lemma star_subdiv_card_one:
  assumes "\<sigma> \<in> F" "card \<sigma> = 1"
  shows "star_subdiv F \<sigma> = F"
proof -
  obtain v where "\<sigma> = {v}" using assms(2) card_1_singletonE by blast
  then have "{star_cone \<sigma> w | w. w \<in> \<sigma>} = {\<sigma>}" by auto
  then show ?thesis using assms(1) unfolding star_subdiv_def by auto
qed

definition int_independent :: "('n::finite) cone_gens \<Rightarrow> bool" where
  "int_independent \<sigma> \<longleftrightarrow> (\<forall>c. (\<Sum>v\<in>\<sigma>. c v *s v) = 0 \<longrightarrow> (\<forall>v\<in>\<sigma>. c v = (0::int)))"

lemma int_independent_lincomb_eq:
  assumes "int_independent \<sigma>" "(\<Sum>v\<in>\<sigma>. a v *s v) = (\<Sum>v\<in>\<sigma>. b v *s v)" "v \<in> \<sigma>"
  shows "a v = b v"
proof -
  have "(\<Sum>v\<in>\<sigma>. (a v - b v) *s v) = 0"
    using assms(2) by (simp add: vector_sub_rdistrib sum_subtractf)
  then show ?thesis
    using assms(1,3) unfolding int_independent_def by fastforce
qed

lemma lincomb_indicator:
  assumes "finite \<sigma>" "x \<in> \<sigma>"
  shows "(\<Sum>v\<in>\<sigma>. (if v = x then 1 else 0::int) *s v) = x"
proof -
  have "(\<Sum>v\<in>\<sigma>. (if v = x then 1 else 0::int) *s v) = (\<Sum>v\<in>\<sigma>. if v = x then v else 0)"
    by (rule sum.cong) auto
  also have "\<dots> = x"
    using assms by (simp add: sum.delta')
  finally show ?thesis .
qed

lemma sum_notin_int_independent:
  assumes "finite \<sigma>" "int_independent \<sigma>" "2 \<le> card \<sigma>"
  shows "\<Sum>\<sigma> \<notin> \<sigma>"
proof
  assume s: "\<Sum>\<sigma> \<in> \<sigma>"
  obtain y where y: "y \<in> \<sigma>" "y \<noteq> \<Sum>\<sigma>"
    using card_ge_2_other_element[OF assms(3)] by blast
  have "(\<Sum>v\<in>\<sigma>. 1 *s v) = (\<Sum>v\<in>\<sigma>. (if v = \<Sum>\<sigma> then 1 else 0::int) *s v)"
    using lincomb_indicator[OF assms(1) s] by simp
  from int_independent_lincomb_eq[OF assms(2) this y(1)] y(2) show False by simp
qed

text \<open>Writing w as \<Sum>\<sigma> minus the other generators turns coordinates with respect to \<sigma>
  into coordinates with respect to star_cone \<sigma> w.\<close>

definition star_coeffs :: "('n::finite) cone_gens \<Rightarrow> int ^ 'n \<Rightarrow> (int ^ 'n \<Rightarrow> int) \<Rightarrow> int ^ 'n \<Rightarrow> int" where
  "star_coeffs \<sigma> w c v = (if v = \<Sum>\<sigma> then c w else c v - c w)"

lemma lincomb_star_coeffs:
  assumes "finite \<sigma>" "w \<in> \<sigma>" "\<Sum>\<sigma> \<notin> \<sigma> - {w}"
  shows "(\<Sum>v\<in>\<sigma>. c v *s v) = (\<Sum>v\<in>star_cone \<sigma> w. star_coeffs \<sigma> w c v *s v)"
proof -
  have "(\<Sum>v\<in>star_cone \<sigma> w. star_coeffs \<sigma> w c v *s v)
      = c w *s \<Sum>\<sigma> + (\<Sum>v\<in>\<sigma> - {w}. (c v - c w) *s v)"
    using assms by (simp add: star_coeffs_def, intro sum.cong) auto
  also have "\<dots> = c w *s (w + \<Sum>(\<sigma> - {w})) + (\<Sum>v\<in>\<sigma> - {w}. c v *s v) - c w *s \<Sum>(\<sigma> - {w})"
    using assms by (simp add: sum.remove vector_sub_rdistrib sum_subtractf sum_cmul)
  also have "\<dots> = (\<Sum>v\<in>\<sigma>. c v *s v)"
    using assms by (simp add: sum.remove vector_add_ldistrib)
  finally show ?thesis ..
qed

lemma sum_star_coeffs:
  assumes "finite \<sigma>" "w \<in> \<sigma>" "\<Sum>\<sigma> \<notin> \<sigma> - {w}"
  shows "(\<Sum>v\<in>star_cone \<sigma> w. star_coeffs \<sigma> w c v) = (\<Sum>v\<in>\<sigma>. c v) - (int (card \<sigma>) - 1) * c w"
proof -
  have "(\<Sum>v\<in>star_cone \<sigma> w. star_coeffs \<sigma> w c v) = c w + (\<Sum>v\<in>\<sigma> - {w}. c v - c w)"
    using assms by (simp add: star_coeffs_def, intro sum.cong) auto
  also have "\<dots> = c w + ((\<Sum>v\<in>\<sigma>. c v) - c w) - int (card \<sigma> - 1) * c w"
    using assms by (simp only: sum_subtractf sum_diff1 sum_constant card_Diff_singleton if_True of_nat_mult)
  also have "int (card \<sigma> - 1) = int (card \<sigma>) - 1"
    using assms(1,2) card_gt_0_iff[of \<sigma>] by (cases "card \<sigma>") auto
  finally show ?thesis
    by simp
qed

lemma card_star_cone:
  assumes "finite \<sigma>" "int_independent \<sigma>" "2 \<le> card \<sigma>" "w \<in> \<sigma>"
  shows "card (star_cone \<sigma> w) = card \<sigma>"
  using assms sum_notin_int_independent[OF assms(1-3)] by (simp add: card_Diff_singleton)

lemma int_independent_star_cone:
  assumes "finite \<sigma>" "int_independent \<sigma>" "2 \<le> card \<sigma>" "w \<in> \<sigma>"
  shows "int_independent (star_cone \<sigma> w)"
  unfolding int_independent_def
proof (intro allI impI ballI)
  fix d x
  assume d: "(\<Sum>v\<in>star_cone \<sigma> w. d v *s v) = 0" and x: "x \<in> star_cone \<sigma> w"
  have s: "\<Sum>\<sigma> \<notin> \<sigma>"
    using sum_notin_int_independent[OF assms(1-3)] .
  define c where "c v = (if v = w then d (\<Sum>\<sigma>) else d v + d (\<Sum>\<sigma>))" for v
  have "(\<Sum>v\<in>star_cone \<sigma> w. star_coeffs \<sigma> w c v *s v) = (\<Sum>v\<in>star_cone \<sigma> w. d v *s v)"
    using s assms(4) by (intro sum.cong) (auto simp: star_coeffs_def c_def)
  then have "(\<Sum>v\<in>\<sigma>. c v *s v) = 0"
    using lincomb_star_coeffs[OF assms(1,4)] s d by auto
  then have c0: "\<forall>v\<in>\<sigma>. c v = 0"
    using assms(2) unfolding int_independent_def by blast
  then have "d (\<Sum>\<sigma>) = 0"
    using assms(4) unfolding c_def by force
  then show "d x = 0"
    using c0 x by (auto simp: c_def split: if_splits)
qed

definition full_simplicial_fan :: "('n::finite) smooth_fan \<Rightarrow> bool" where
  "full_simplicial_fan F \<longleftrightarrow> (\<forall>\<sigma>\<in>F. finite \<sigma> \<and> card \<sigma> = CARD('n) \<and> int_independent \<sigma>)"

lemma full_simplicial_fan_star_subdiv:
  fixes G :: "('n::finite) smooth_fan"
  assumes "full_simplicial_fan G" "2 \<le> CARD('n)" "\<sigma> \<in> G"
  shows "full_simplicial_fan (star_subdiv G \<sigma>)"
  unfolding full_simplicial_fan_def
proof
  fix \<rho> assume "\<rho> \<in> star_subdiv G \<sigma>"
  then show "finite \<rho> \<and> card \<rho> = CARD('n) \<and> int_independent \<rho>"
  proof (cases rule: star_subdivE)
    case 1
    then show ?thesis using assms(1) unfolding full_simplicial_fan_def by simp
  next
    case (2 w)
    have "finite \<sigma>" "card \<sigma> = CARD('n)" "int_independent \<sigma>"
      using assms(1,3) unfolding full_simplicial_fan_def by simp_all
    then show ?thesis
      using 2 assms(2) card_star_cone[of \<sigma> w] int_independent_star_cone[of \<sigma> w] by simp
  qed
qed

→ **Task description**
Only the lines from the start of the material through the line containing "obtain v where" should be repeated, and they should be repeated exactly.

→ **Answer below**
lemma star_subdiv_card_one:
  assumes "\<sigma> \<in> F" "card \<sigma> = 1"
  shows "star_subdiv F \<sigma> = F"
proof -
  obtain v where "\<sigma> = {v}" using assms(2) card_1_singletonE by blast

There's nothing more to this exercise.